* **REQUIRED WORK**: Please retype the listing below exactly, from its opening line through the line where "E \<longleftrightarrow> V" appears.

* **LISTED ENTRIES**:
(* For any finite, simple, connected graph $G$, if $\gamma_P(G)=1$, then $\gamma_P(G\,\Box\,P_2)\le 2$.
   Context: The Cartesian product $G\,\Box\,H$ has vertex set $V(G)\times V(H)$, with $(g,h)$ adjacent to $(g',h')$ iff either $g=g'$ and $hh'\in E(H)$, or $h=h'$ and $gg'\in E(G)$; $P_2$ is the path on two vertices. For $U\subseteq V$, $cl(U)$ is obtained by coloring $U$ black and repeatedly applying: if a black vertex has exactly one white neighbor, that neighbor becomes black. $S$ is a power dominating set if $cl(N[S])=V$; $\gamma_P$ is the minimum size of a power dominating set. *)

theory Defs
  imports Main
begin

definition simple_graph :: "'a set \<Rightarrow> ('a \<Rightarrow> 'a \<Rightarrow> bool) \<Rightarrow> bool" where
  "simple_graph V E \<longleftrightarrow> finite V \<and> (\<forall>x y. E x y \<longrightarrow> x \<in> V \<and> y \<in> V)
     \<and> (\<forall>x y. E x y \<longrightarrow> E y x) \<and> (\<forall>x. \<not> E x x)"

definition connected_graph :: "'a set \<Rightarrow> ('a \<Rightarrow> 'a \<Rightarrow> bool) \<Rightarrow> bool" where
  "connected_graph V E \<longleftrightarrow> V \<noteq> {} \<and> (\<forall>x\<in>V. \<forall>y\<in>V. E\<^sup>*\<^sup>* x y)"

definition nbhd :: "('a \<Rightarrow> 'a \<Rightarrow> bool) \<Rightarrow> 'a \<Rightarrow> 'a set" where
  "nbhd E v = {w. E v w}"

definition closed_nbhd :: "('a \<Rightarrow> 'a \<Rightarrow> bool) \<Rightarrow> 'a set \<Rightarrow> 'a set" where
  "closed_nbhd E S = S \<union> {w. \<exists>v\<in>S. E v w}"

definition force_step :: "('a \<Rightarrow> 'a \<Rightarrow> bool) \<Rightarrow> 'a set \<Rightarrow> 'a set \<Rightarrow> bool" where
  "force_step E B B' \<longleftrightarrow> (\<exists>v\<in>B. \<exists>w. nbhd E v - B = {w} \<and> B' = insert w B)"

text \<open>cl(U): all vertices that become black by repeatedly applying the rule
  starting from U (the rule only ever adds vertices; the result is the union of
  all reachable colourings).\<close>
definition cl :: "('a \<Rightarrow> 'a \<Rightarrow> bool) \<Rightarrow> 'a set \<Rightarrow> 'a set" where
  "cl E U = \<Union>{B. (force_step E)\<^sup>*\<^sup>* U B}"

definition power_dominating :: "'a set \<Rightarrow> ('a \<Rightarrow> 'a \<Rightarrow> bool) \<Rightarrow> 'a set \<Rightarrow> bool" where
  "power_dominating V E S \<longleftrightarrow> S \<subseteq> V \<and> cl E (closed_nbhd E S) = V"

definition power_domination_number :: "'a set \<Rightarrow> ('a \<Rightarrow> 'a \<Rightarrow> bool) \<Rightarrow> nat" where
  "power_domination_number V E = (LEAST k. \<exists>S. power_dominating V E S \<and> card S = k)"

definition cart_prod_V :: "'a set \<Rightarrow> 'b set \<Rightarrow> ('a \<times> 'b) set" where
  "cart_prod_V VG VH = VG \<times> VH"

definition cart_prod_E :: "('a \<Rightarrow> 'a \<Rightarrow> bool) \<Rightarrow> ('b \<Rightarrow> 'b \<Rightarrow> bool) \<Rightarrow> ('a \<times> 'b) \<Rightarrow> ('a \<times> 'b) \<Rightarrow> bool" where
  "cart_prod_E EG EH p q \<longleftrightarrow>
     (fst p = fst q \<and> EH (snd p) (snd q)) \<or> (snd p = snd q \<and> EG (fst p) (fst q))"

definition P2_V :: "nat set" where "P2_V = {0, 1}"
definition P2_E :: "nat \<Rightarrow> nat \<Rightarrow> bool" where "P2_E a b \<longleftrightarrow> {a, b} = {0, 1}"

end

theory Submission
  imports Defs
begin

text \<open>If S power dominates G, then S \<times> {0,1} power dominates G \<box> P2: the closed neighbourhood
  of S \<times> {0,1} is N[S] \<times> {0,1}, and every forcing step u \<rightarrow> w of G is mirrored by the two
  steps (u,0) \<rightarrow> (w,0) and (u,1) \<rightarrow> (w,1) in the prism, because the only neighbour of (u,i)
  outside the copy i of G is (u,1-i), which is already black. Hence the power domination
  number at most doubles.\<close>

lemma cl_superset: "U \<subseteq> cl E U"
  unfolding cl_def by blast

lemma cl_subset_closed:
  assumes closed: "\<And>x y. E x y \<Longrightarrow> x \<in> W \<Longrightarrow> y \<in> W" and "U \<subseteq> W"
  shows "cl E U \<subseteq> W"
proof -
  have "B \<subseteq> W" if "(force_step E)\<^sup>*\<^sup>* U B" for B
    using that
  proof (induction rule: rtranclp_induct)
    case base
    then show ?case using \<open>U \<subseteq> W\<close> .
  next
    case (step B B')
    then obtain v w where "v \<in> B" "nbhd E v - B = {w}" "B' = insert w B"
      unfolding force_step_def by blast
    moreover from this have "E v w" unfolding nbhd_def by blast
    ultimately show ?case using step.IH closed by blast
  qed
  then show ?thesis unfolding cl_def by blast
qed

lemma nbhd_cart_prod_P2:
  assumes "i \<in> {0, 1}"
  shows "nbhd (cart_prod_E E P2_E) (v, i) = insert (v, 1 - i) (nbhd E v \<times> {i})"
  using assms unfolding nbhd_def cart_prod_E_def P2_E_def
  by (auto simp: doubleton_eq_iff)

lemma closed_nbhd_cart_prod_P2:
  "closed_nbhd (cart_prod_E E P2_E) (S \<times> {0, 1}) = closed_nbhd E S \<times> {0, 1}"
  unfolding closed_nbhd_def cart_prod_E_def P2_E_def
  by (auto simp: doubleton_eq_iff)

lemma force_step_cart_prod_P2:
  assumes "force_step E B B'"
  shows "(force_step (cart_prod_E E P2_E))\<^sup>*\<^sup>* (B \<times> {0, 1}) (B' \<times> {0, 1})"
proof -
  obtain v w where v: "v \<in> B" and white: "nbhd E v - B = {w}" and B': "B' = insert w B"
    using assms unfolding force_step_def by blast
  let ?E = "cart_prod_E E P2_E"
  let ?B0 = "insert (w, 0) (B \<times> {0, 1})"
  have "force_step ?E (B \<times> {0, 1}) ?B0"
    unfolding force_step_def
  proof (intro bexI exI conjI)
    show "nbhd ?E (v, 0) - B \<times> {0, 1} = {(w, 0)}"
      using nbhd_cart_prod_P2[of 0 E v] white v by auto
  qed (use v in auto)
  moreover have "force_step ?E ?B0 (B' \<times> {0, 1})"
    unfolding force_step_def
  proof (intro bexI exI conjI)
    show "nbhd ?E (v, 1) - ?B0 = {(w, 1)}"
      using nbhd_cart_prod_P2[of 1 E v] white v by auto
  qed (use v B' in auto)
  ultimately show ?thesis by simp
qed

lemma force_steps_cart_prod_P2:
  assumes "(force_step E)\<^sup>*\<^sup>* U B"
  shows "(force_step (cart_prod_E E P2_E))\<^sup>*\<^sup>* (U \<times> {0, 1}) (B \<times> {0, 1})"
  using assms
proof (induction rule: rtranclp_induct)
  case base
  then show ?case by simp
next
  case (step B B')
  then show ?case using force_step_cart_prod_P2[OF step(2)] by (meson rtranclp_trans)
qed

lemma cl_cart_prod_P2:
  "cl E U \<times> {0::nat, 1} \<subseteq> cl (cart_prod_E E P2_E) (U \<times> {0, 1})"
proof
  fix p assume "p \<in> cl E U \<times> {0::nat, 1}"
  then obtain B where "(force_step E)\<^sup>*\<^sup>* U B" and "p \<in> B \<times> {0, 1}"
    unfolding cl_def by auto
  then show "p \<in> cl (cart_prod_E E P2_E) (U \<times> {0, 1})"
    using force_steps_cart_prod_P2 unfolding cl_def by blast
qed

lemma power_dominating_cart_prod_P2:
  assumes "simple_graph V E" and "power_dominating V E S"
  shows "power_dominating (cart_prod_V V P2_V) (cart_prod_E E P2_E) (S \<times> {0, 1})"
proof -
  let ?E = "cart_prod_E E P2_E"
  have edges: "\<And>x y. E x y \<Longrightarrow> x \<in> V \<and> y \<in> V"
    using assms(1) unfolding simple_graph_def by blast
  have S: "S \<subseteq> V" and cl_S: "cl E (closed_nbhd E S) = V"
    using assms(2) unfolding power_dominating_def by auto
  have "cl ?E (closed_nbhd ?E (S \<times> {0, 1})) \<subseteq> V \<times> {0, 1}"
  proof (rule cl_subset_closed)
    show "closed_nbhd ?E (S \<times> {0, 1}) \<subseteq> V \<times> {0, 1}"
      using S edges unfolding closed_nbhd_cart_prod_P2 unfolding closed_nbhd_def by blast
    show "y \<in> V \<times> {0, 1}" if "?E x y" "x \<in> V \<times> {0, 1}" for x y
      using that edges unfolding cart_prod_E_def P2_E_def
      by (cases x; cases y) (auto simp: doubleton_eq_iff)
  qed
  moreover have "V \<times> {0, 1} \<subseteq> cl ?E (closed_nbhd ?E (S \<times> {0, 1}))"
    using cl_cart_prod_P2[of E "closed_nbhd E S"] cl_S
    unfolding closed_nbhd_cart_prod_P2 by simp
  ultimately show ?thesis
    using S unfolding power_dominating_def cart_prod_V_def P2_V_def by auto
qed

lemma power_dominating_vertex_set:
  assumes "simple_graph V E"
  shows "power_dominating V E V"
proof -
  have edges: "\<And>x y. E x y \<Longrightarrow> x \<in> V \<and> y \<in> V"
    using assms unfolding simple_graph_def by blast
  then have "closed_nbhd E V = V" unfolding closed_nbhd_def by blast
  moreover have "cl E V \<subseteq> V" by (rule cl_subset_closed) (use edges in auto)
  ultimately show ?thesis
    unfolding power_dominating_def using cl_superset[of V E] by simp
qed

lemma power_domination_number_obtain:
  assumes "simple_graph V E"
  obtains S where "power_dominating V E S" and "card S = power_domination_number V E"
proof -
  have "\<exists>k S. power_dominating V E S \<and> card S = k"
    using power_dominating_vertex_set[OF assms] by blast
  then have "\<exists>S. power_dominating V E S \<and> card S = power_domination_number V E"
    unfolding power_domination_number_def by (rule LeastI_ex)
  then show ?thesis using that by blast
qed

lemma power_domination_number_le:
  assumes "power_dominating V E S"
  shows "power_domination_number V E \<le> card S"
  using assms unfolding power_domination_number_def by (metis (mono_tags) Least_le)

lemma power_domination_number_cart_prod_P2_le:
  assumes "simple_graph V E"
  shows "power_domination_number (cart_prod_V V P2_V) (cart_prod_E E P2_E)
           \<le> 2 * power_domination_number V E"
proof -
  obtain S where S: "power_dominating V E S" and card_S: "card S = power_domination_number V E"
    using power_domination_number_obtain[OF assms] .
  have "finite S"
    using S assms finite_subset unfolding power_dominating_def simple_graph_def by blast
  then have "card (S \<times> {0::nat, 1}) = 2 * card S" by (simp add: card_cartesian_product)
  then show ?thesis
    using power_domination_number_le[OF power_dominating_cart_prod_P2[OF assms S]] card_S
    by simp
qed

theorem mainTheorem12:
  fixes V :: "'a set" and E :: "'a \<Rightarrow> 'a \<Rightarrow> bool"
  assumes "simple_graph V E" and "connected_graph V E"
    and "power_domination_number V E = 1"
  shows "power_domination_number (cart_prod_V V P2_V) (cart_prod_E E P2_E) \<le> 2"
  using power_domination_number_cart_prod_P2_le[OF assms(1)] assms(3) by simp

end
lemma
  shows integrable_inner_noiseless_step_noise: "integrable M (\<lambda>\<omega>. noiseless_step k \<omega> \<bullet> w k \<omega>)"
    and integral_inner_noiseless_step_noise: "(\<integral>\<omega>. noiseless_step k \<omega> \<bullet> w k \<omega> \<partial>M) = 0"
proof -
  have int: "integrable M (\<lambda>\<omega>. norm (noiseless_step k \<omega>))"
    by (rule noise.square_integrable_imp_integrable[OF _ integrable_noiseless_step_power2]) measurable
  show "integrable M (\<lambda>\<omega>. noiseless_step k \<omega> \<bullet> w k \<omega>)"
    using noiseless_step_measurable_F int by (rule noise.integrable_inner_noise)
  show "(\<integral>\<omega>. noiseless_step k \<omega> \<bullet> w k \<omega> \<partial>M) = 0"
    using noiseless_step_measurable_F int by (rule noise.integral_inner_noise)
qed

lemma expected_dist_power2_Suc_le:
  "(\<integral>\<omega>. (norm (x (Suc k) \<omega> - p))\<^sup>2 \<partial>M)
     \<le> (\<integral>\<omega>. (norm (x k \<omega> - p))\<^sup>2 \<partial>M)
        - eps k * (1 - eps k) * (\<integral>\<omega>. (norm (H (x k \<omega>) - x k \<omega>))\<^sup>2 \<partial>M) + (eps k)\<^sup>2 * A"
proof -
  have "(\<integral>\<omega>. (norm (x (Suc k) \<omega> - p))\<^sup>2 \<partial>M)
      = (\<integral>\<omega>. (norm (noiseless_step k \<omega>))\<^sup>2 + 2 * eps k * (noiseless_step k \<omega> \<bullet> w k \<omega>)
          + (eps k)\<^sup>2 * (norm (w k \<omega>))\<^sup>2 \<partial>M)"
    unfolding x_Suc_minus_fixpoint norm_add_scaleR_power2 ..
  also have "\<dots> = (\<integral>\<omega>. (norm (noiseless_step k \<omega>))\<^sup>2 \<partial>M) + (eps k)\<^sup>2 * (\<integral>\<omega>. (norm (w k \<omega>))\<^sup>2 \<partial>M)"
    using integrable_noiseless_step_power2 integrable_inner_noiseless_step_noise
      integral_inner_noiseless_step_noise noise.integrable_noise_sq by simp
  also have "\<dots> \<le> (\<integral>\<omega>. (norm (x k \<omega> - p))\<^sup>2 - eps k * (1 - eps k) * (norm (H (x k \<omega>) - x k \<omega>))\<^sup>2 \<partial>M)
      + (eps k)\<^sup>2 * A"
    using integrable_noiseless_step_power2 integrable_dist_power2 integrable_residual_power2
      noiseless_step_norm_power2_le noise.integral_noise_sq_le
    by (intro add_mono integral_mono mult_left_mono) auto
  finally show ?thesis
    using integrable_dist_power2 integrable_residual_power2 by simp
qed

* **WRITTEN REPLY**:
(* For any finite, simple, connected graph $G$, if $\gamma_P(G)=1$, then $\gamma_P(G\,\Box\,P_2)\le 2$.
   Context: The Cartesian product $G\,\Box\,H$ has vertex set $V(G)\times V(H)$, with $(g,h)$ adjacent to $(g',h')$ iff either $g=g'$ and $hh'\in E(H)$, or $h=h'$ and $gg'\in E(G)$; $P_2$ is the path on two vertices. For $U\subseteq V$, $cl(U)$ is obtained by coloring $U$ black and repeatedly applying: if a black vertex has exactly one white neighbor, that neighbor becomes black. $S$ is a power dominating set if $cl(N[S])=V$; $\gamma_P$ is the minimum size of a power dominating set. *)

theory Defs
  imports Main
begin

definition simple_graph :: "'a set \<Rightarrow> ('a \<Rightarrow> 'a \<Rightarrow> bool) \<Rightarrow> bool" where
  "simple_graph V E \<longleftrightarrow> finite V \<and> (\<forall>x y. E x y \<longrightarrow> x \<in> V \<and> y \<in> V)
     \<and> (\<forall>x y. E x y \<longrightarrow> E y x) \<and> (\<forall>x. \<not> E x x)"

definition connected_graph :: "'a set \<Rightarrow> ('a \<Rightarrow> 'a \<Rightarrow> bool) \<Rightarrow> bool" where
  "connected_graph V E \<longleftrightarrow> V \<noteq> {} \<and> (\<forall>x\<in>V. \<forall>y\<in>V. E\<^sup>*\<^sup>* x y)"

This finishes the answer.